The power to levy taxes and duties is distributed among the three tiers of Governments, as per the constitution of India.

The constitution of India is the supreme law of India. It consists of:

  • a preamble
  • 25 parts containing 448 Articles
  • 12 Schedules

Article 246:

It gives respective authority to Union and State governments for levying the tax.

The Seventh Schedule to Article 246 contains three lists that enumerate the matters under which the Union and State Governments have the authority to make laws.



Power to levy Goods and Service Tax (GST) has been conferred by Article 246A of the Constitution which was introduced by the Constitution (101st Amendment ) Act, 2016.

Beginning of GST in India:

The first time in the year 2000, the then Prime Minister mooted the idea of GST and set up a committee.
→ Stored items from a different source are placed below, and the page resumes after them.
lemma specialization_raise_lower:
  "specialization p (\<lambda>a v. - (raise (lower a v) + raise (lower a v)))"
proof
  fix a b :: 'a and u v w :: 'v
  note lin = rho_add[OF lower_mem_LA] rho_add[OF raise_mem_LA]
    rho_minus[OF lower_mem_LA] rho_minus[OF raise_mem_LA]
  show "- (raise (lower (a + b) v) + raise (lower (a + b) v))
      = - (raise (lower a v) + raise (lower a v)) + - (raise (lower b v) + raise (lower b v))"
    by (simp add: lower_add_left lin algebra_simps)
  show "- (raise (lower a (u + w)) + raise (lower a (u + w)))
      = - (raise (lower a u) + raise (lower a u)) + - (raise (lower a w) + raise (lower a w))"
    by (simp add: lin algebra_simps)
  show "- (raise (lower a (- (raise (lower b v) + raise (lower b v))))
        + raise (lower a (- (raise (lower b v) + raise (lower b v)))))
      + - (raise (lower b (- (raise (lower a v) + raise (lower a v))))
        + raise (lower b (- (raise (lower a v) + raise (lower a v)))))
      = - (raise (lower (p a b) v) + raise (lower (p a b) v))
      + - (raise (lower (p a b) v) + raise (lower (p a b) v))"
  proof -
    have anti: "raise (lower (p a b) v)
        = - (raise (lower a (raise (lower b v))) + raise (lower b (raise (lower a v))))"
      by (rule raise_lower_mult)
    have neg: "raise (lower c (- (raise (lower d v) + raise (lower d v))))
        = - (raise (lower c (raise (lower d v))) + raise (lower c (raise (lower d v))))" for c d
      by (simp only: lin)
    show ?thesis unfolding anti neg by (simp add: algebra_simps)
  qed
  show "u + u = 0 \<Longrightarrow> u = 0"
    using rep vector_space_double_eq_zero unfolding is_rep_def by blast
qed
(* Let $p>3$ be a prime, $q$ a power of $p$, and $n\ge 0$ an integer with $3\mid n$. If $F_n(1,x)$ is a permutation polynomial of $\mathbb{F}_q$, then $\gcd(n,q^2-1)=3$.
   Context: For an integer $n\ge 1$, the $n$-th reversed Dickson polynomial of the third kind is $F_n(a,x)=\sum_{i=0}^{\lfloor n/2\rfloor}\frac{n-2i}{n-i}\binom{n-i}{i}(-x)^i a^{n-2i}$, where each coefficient $\frac{n-2i}{n-i}\binom{n-i}{i}$ is an integer (read in $\mathbb{F}_q$), and $F_0(a,x)=0$. A polynomial $f\in\mathbb{F}_q[x]$ is a permutation polynomial of $\mathbb{F}_q$ if $c\mapsto f(c)$ is a bijection of $\mathbb{F}_q$. *)

theory Defs
  imports "HOL-Computational_Algebra.Polynomial"
begin

text \<open>Integer coefficient (n-2i)/(n-i) * binom(n-i,i) for 0 <= i <= n div 2, n >= 1
  (exact division; all quantities are natural numbers).\<close>
definition rd3_coeff :: "nat \<Rightarrow> nat \<Rightarrow> nat" where
  "rd3_coeff n i = ((n - 2*i) * ((n - i) choose i)) div (n - i)"

definition rev_dickson3 :: "nat \<Rightarrow> 'a::comm_ring_1 \<Rightarrow> 'a poly" where
  "rev_dickson3 n a = (if n = 0 then 0 else
     (\<Sum>i\<le>n div 2. monom (of_nat (rd3_coeff n i) * (-1)^i * a^(n - 2*i)) i))"

definition permutation_poly :: "'a::{finite,field} poly \<Rightarrow> bool" where
  "permutation_poly f \<longleftrightarrow> bij (\<lambda>c. poly f c)"

end

theory Submission
  imports Defs "HOL-Algebra.Sylow" "HOL-Algebra.Multiplicative_Group"
begin

text \<open>
  Let \<open>w \<noteq> \<plusminus>1\<close> be an \<open>n\<close>-th root of unity in the field with \<open>q\<^sup>2\<close> elements that lies in
  \<open>\<bbbF>\<^sub>q\<^sup>*\<close> or in the subgroup of norm one. With \<open>u = w/(1 + w)\<close> and \<open>v = 1/(1 + w)\<close> we have
  \<open>u + v = 1\<close> and \<open>u\<^sup>n = v\<^sup>n\<close>, and since \<open>u\<^sup>n - v\<^sup>n = (u - v) F\<^sub>n(1, u v)\<close> for \<open>u + v = 1\<close>, the
  element \<open>w/(1 + w)\<^sup>2 = u v\<close> of \<open>\<bbbF>\<^sub>q\<close> is a root of \<open>F\<^sub>n(1, x)\<close>. A permutation polynomial has a
  single root, and \<open>w/(1 + w)\<^sup>2\<close> determines \<open>w\<close> up to \<open>w \<mapsto> 1/w\<close>, so there are at most two
  such \<open>w\<close>. The two cyclic groups contain \<open>gcd(n, q - 1)\<close> and \<open>gcd(n, q + 1)\<close> such roots of
  unity and meet only in \<open>\<plusminus>1\<close>; the resulting bound on \<open>gcd(n, q - 1) + gcd(n, q + 1)\<close>,
  together with \<open>3 dvd n\<close> and \<open>\<not> 3 dvd q\<close>, forces \<open>gcd(n, q\<^sup>2 - 1) = 3\<close>.
\<close>

definition ring_of_type :: "'a::field ring" where
  "ring_of_type = \<lparr>carrier = UNIV, mult = (*), one = 1, zero = 0, add = (+)\<rparr>"

lemma field_ring_of_type: "field (ring_of_type :: 'a::field ring)"
proof -
  have "cring (ring_of_type :: 'a ring)"
    by (rule cringI; (rule abelian_groupI comm_monoidI)?)
       (auto simp: ring_of_type_def algebra_simps intro: exI[of _ "- _"])
  then show ?thesis
    by (rule cring.cring_fieldI)
       (auto simp: ring_of_type_def Units_def, metis left_inverse right_inverse)
qed

lemma pow_ring_of_type: "x [^]\<^bsub>ring_of_type\<^esub> (n::nat) = x ^ n"
  by (induction n) (simp_all add: ring_of_type_def)

lemma finite_field_power_card_minus_one:
  fixes x :: "'a::{finite,field}"
  assumes "x \<noteq> 0"
  shows "x ^ (card (UNIV::'a set) - 1) = 1"
proof -
  interpret field "ring_of_type :: 'a ring" by (rule field_ring_of_type)
  interpret G: group "mult_of (ring_of_type :: 'a ring)" by (rule field_mult_group)
  have "x [^]\<^bsub>mult_of ring_of_type\<^esub> order (mult_of (ring_of_type :: 'a ring))
          = \<one>\<^bsub>mult_of (ring_of_type :: 'a ring)\<^esub>"
    by (rule G.pow_order_eq_1) (use assms in \<open>simp add: ring_of_type_def\<close>)
  moreover have "order (mult_of (ring_of_type :: 'a ring)) = card (UNIV::'a set) - 1"
    by (simp add: order_def card_Diff_singleton ring_of_type_def)
  ultimately show ?thesis
    by (simp add: nat_pow_mult_of pow_ring_of_type) (simp add: ring_of_type_def)
qed

lemma finite_field_has_generator:
  "\<exists>g::'a::{finite,field}. g \<noteq> 0 \<and> (\<forall>x. x \<noteq> 0 \<longrightarrow> (\<exists>i. x = g ^ i))"
proof -
  interpret field "ring_of_type :: 'a ring" by (rule field_ring_of_type)
  obtain g where g: "g \<in> carrier (mult_of (ring_of_type :: 'a ring))"
    "carrier (mult_of (ring_of_type :: 'a ring)) = {g [^]\<^bsub>ring_of_type\<^esub> i | i::nat. i \<in> UNIV}"
    using finite_field_mult_group_has_gen by (auto simp: ring_of_type_def)
  have "g \<noteq> 0"
    using g(1) by (simp add: ring_of_type_def)
  moreover have "UNIV - {0} = range (power g)"
    using g(2) unfolding pow_ring_of_type by (auto simp: ring_of_type_def)
  ultimately show ?thesis
    by (intro exI[of _ g]) (auto simp: set_eq_iff)
qed

lemma of_nat_eq_0_if_prime_dvd_card:
  fixes r :: nat
  assumes "prime r" "r dvd card (UNIV :: 'a::{finite,field} set)"
  shows "of_nat r = (0::'a)"
proof -
  interpret field "ring_of_type :: 'a ring" by (rule field_ring_of_type)
  let ?G = "add_monoid (ring_of_type :: 'a ring)"
  obtain m where "order ?G = r ^ 1 * m"
    using assms(2) by (auto simp: order_def ring_of_type_def)
  then obtain H where H: "subgroup H ?G" "card H = r"
    using sylow_thm[OF assms(1) a_group, where a=1 and m=m] by (auto simp: ring_of_type_def)
  interpret H: group "?G\<lparr>carrier := H\<rparr>"
    by (rule subgroup.subgroup_is_group[OF H(1) a_group])
  have "card H > 1" using H(2) assms(1) prime_gt_1_nat by auto
  then have "\<not> H \<subseteq> {0}"
    using card_mono[of "{0}" H] by fastforce
  then obtain h where h: "h \<in> H" "h \<noteq> 0"
    by blast
  have "h [^]\<^bsub>?G\<lparr>carrier := H\<rparr>\<^esub> order (?G\<lparr>carrier := H\<rparr>) = \<one>\<^bsub>?G\<lparr>carrier := H\<rparr>\<^esub>"
    by (rule H.pow_order_eq_1) (use h in simp)
  moreover have "x [^]\<^bsub>?G\<lparr>carrier := H\<rparr>\<^esub> (k::nat) = of_nat k * x" for x k
    by (induction k) (simp_all add: ring_of_type_def algebra_simps)
  ultimately have "of_nat r * h = 0"
    by (simp add: order_def H(2) ring_of_type_def)
  then show ?thesis using h(2) by simp
qed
Central Government formed a task force under Vijay Kelkar ( Know as Kelkar Committee ), in the year 2003.

Consequently, while presenting the Union Budget (2006-2007) the then Union Finance Minister, Shri P. Chidambaram announced that the GST would be introduced from 1st April 2010.

Since then GST booted many deadlines and continued to be shrouded by the clouds of uncertainty.

Finally, on 1st July 2017 GST was introduced. GST law was extended to Jammu and Kashmir on 8th July 2017.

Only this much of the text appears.